Hi,
I have some troubles to crawl some files. I am using the latest version of fess, which is 14.16.0 with opensearch 2.16.0 on a Win11 PC
Originally I wanted to crawl/index some files from a test directory on my NAS, but it said “INFO Processing no docs in indexing queue” etc.
So I tried to copy the folder on my local PC where Fess is running and tried with a new Filesystem-crawler called “Filesystem_test_local”
The folder with all my files(pdf, txt, xlsx etc.) is on “C:\Fess_test_local” so I configured the “Filesystem_test_local”-crawler with the following:
-
ID: bCz3eJEB5jT5m4cO_QC_
-
Name: Filesystem_test_local
-
Paths: file:///C:/Fess_test_local/*
-
Included Paths For Crawling:
file:///C:/Fess_test_local/*
.*/$
.*pdf$
.*txt$
.*xlsx$
.*docx$ -
Included Paths For Indexing:
.*/$
.*pdf$
.*txt$
.*xlsx$
.*docx$
Then I created a Job in the scheduler with the following parameters:
Name: Filesystem_test_local
Target: all
Schedule:
Executor: groovy
Script: return container.getComponent(crawlJob).logLevel(info).webConfigIds( as String).fileConfigIds([bCz3eJEB5jT5m4cO_QC_] as String).dataConfigIds( as String).jobExecutor(executor).execute();
Logging: Enabled
Crawler Job: Enabled
Status: Enabled
Display Order: 0
I started the Job manually and after a short time the Job was Ok, but the Index size in System Info → Crawling Info was 0
And in the fess-crawler.log I got the following:
2024-08-22 09:52:28,466 [WebFsCrawler] INFO Target Path: file:///C:/Fess_test_local/*
2024-08-22 09:52:28,466 [WebFsCrawler] INFO Included Path: file:///C:/Fess_test_local/*
2024-08-22 09:52:28,466 [WebFsCrawler] INFO Included Path: .*/$
2024-08-22 09:52:28,466 [WebFsCrawler] INFO Included Path: .*pdf$
2024-08-22 09:52:28,467 [WebFsCrawler] INFO Included Path: .*txt$
2024-08-22 09:52:28,467 [WebFsCrawler] INFO Included Path: .*xlsx$
2024-08-22 09:52:28,467 [WebFsCrawler] INFO Included Path: .*docx$
2024-08-22 09:52:38,485 [IndexUpdater] INFO Processing no docs in indexing queue (Doc:{access 6ms}, Mem:{used 144.348MB, heap 372.736MB, max 524.288MB})
2024-08-22 09:52:48,479 [IndexUpdater] INFO Processing no docs in indexing queue (Doc:{access 4ms}, Mem:{used 147.408MB, heap 372.736MB, max 524.288MB})
2024-08-22 09:52:58,481 [IndexUpdater] INFO Processing no docs in indexing queue (Doc:{access 5ms}, Mem:{used 149.831MB, heap 372.736MB, max 524.288MB})
2024-08-22 09:52:58,923 [WebFsCrawler] INFO [EXEC TIME] crawling time: 30518ms
2024-08-22 09:53:08,480 [IndexUpdater] INFO Processing no docs in indexing queue (Doc:{access 2ms}, Mem:{used 149.998MB, heap 372.736MB, max 524.288MB})

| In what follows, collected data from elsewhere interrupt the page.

text \<open>
  The exponents of the monomial of B_n that equals x^i y^j in A_n, or None when
  x^i y^j = 0 in A_n.
\<close>
definition nf :: "nat \<Rightarrow> nat \<Rightarrow> nat \<Rightarrow> (nat \<times> nat) option" where
  "nf n i j =
     (if zero_div n i j then None
      else if inB n i j then Some (i, j)
      else if i = n then Some (0, n + j)
      else if j = 2 then Some (if i < 2*n then (i - n, n + 2) else (0, 2*n + 2))
      else if i < 3*n then Some (i - 2*n, j + n + 1)
      else Some (0, j + 2*n + 1))"

lemma nf_eq_None_iff: "nf n i j = None \<longleftrightarrow> zero_div n i j"
  unfolding nf_def by auto

lemma nf_inB: "inB n i j \<Longrightarrow> nf n i j = Some (i, j)"
  unfolding nf_def zero_div_def inB_def by auto

lemma inB_nf: "n \<ge> 2 \<Longrightarrow> nf n i j = Some (a, b) \<Longrightarrow> inB n a b"
  unfolding nf_def zero_div_def inB_def by (auto split: if_splits)

lemma nf_bound: "nf n i j = Some t \<Longrightarrow> i \<le> 3*n \<and> j \<le> 2*n + 2"
  unfolding nf_def zero_div_def inB_def by (auto split: if_splits)

lemma nf_xn_y2: "n \<ge> 2 \<Longrightarrow> n \<le> i \<Longrightarrow> 2 \<le> j \<Longrightarrow> nf n i j = nf n (i - n) (j + n)"
  unfolding nf_def zero_div_def inB_def by auto

lemma nf_x2n1: "n \<ge> 2 \<Longrightarrow> 2*n + 1 \<le> i \<Longrightarrow> nf n i j = nf n (i - 2*n) (j + n + 1)"
  unfolding nf_def zero_div_def inB_def by auto

lemma nf_y2n3: "2*n + 3 \<le> j \<Longrightarrow> nf n i j = None"
  unfolding nf_def zero_div_def by auto

lemma mon_eqA_nf:
  assumes "n \<ge> 2" "nf n i j = Some (a, b)"
  shows "eqA n (mon i j :: 'k::field poly2) (mon a b)"
  using assms(2)
proof (induction i arbitrary: j rule: less_induct)
  case (less i)
  have "\<not> zero_div n i j"
    using less.prems by (simp flip: nf_eq_None_iff)
  then consider "inB n i j" | "2*n + 1 \<le> i" | "n \<le> i" "2 \<le> j"
    unfolding inB_def zero_div_def by linarith
  then show ?case
  proof cases
    case 1
    then have "(a, b) = (i, j)"
      using less.prems by (simp add: nf_inB)
    then show ?thesis
      by (simp add: eqA_refl)
  next
    case 2
    have "eqA n (mon i j :: 'k poly2) (mon (i - 2*n) (j + n + 1))"
      using 2 by (rule eqA_x2n1)
    also have "eqA n \<dots> (mon a b)"
    proof (rule less.IH)
      show "nf n (i - 2*n) (j + n + 1) = Some (a, b)"
        using nf_x2n1[OF assms(1) 2, of j] less.prems by simp
    qed (use 2 assms(1) in linarith)
    finally show ?thesis .
  next
    case 3
    have "eqA n (mon i j :: 'k poly2) (mon (i - n) (j + n))"
      using 3 by (rule eqA_xn_y2)
    also have "eqA n \<dots> (mon a b)"
    proof (rule less.IH)
      show "nf n (i - n) (j + n) = Some (a, b)"
        using nf_xn_y2[OF assms(1) 3] less.prems by simp
    qed (use 3 assms(1) in linarith)
    finally show ?thesis .
  qed
qed

lemma update_eq_add_single:
  "k \<notin> Poly_Mapping.keys f \<Longrightarrow> Poly_Mapping.update k b f = f + Poly_Mapping.single k b"
  by (rule poly_mapping_eqI) (auto simp: lookup_update lookup_add lookup_single when_def in_keys_iff)

lemma additive_vanishes_on_multiples:
  fixes \<phi> :: "('a::monoid_add \<Rightarrow>\<^sub>0 'b::semiring_0) \<Rightarrow> 'c::comm_monoid_add"
  assumes add: "\<And>p q. \<phi> (p + q) = \<phi> p + \<phi> q"
    and single: "\<And>m c. \<phi> (Poly_Mapping.single m c * g) = 0"
  shows "\<phi> (a * g) = 0"
proof (induction a rule: update_induct)
  case const
  show ?case
    using single[of _ 0] by simp
next
  case (update f k b)
  then show ?case
    by (simp add: update_eq_add_single distrib_right add single)
qed

definition nf_coeff :: "nat \<Rightarrow> nat \<times> nat \<Rightarrow> 'k::field poly2 \<Rightarrow> 'k" where
  "nf_coeff n t p = (\<Sum>m \<in> {(i, j). nf n i j = Some t}. Poly_Mapping.lookup p m)"

lemma finite_nf_fibre: "finite {(i, j). nf n i j = Some t}"
proof (rule finite_subset)
  show "{(i, j). nf n i j = Some t} \<subseteq> {0..3*n} \<times> {0..2*n + 2}"
    using nf_bound by fastforce
qed simp

lemma nf_coeff_zero: "nf_coeff n t 0 = 0"
  unfolding nf_coeff_def by simp

lemma nf_coeff_add: "nf_coeff n t (p + q) = nf_coeff n t p + nf_coeff n t q"
  unfolding nf_coeff_def by (simp add: lookup_add sum.distrib)

lemma nf_coeff_diff: "nf_coeff n t (p - q) = nf_coeff n t p - nf_coeff n t q"
  unfolding nf_coeff_def by (simp add: lookup_minus sum_subtractf)

lemma nf_coeff_single:
  "nf_coeff n t (Poly_Mapping.single (i, j) c) = (if nf n i j = Some t then c else 0)"
  unfolding nf_coeff_def lookup_single
  using finite_nf_fibre[of n t] by (simp add: when_def)

lemma nf_coeff_mon: "nf_coeff n t (mon i j :: 'k::field poly2) = (if nf n i j = Some t then 1 else 0)"
  unfolding mon_def by (rule nf_coeff_single)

2024-08-22 09:53:08,480 [IndexUpdater] INFO [EXEC TIME] index update time: 26ms
2024-08-22 09:53:08,553 [main] INFO Finished Crawler
2024-08-22 09:53:08,599 [main] INFO [CRAWL INFO] CrawlerEndTime=2024-08-22T09:53:08.553+0200,WebFsCrawlExecTime=30518,CrawlerStatus=true,CrawlerStartTime=2024-08-22T09:52:28.385+0200,WebFsCrawlEndTime=2024-08-22T09:53:08.552+0200,WebFsIndexExecTime=26,WebFsIndexSize=0,CrawlerExecTime=40168,WebFsCrawlStartTime=2024-08-22T09:52:28.397+0200
2024-08-22 09:53:08,603 [main] INFO Disconnected to http://localhost:9201
2024-08-22 09:53:08,606 [main] INFO Destroyed LaContainer.
I do not know why he says that “Processing no docs in indexing queue”, since there are files in my Fess_test_local folder and if I go to the Browser and type the URL file:///C:/Fess_test_local/name_of_pdf.pdf I can see a pdf from that folder.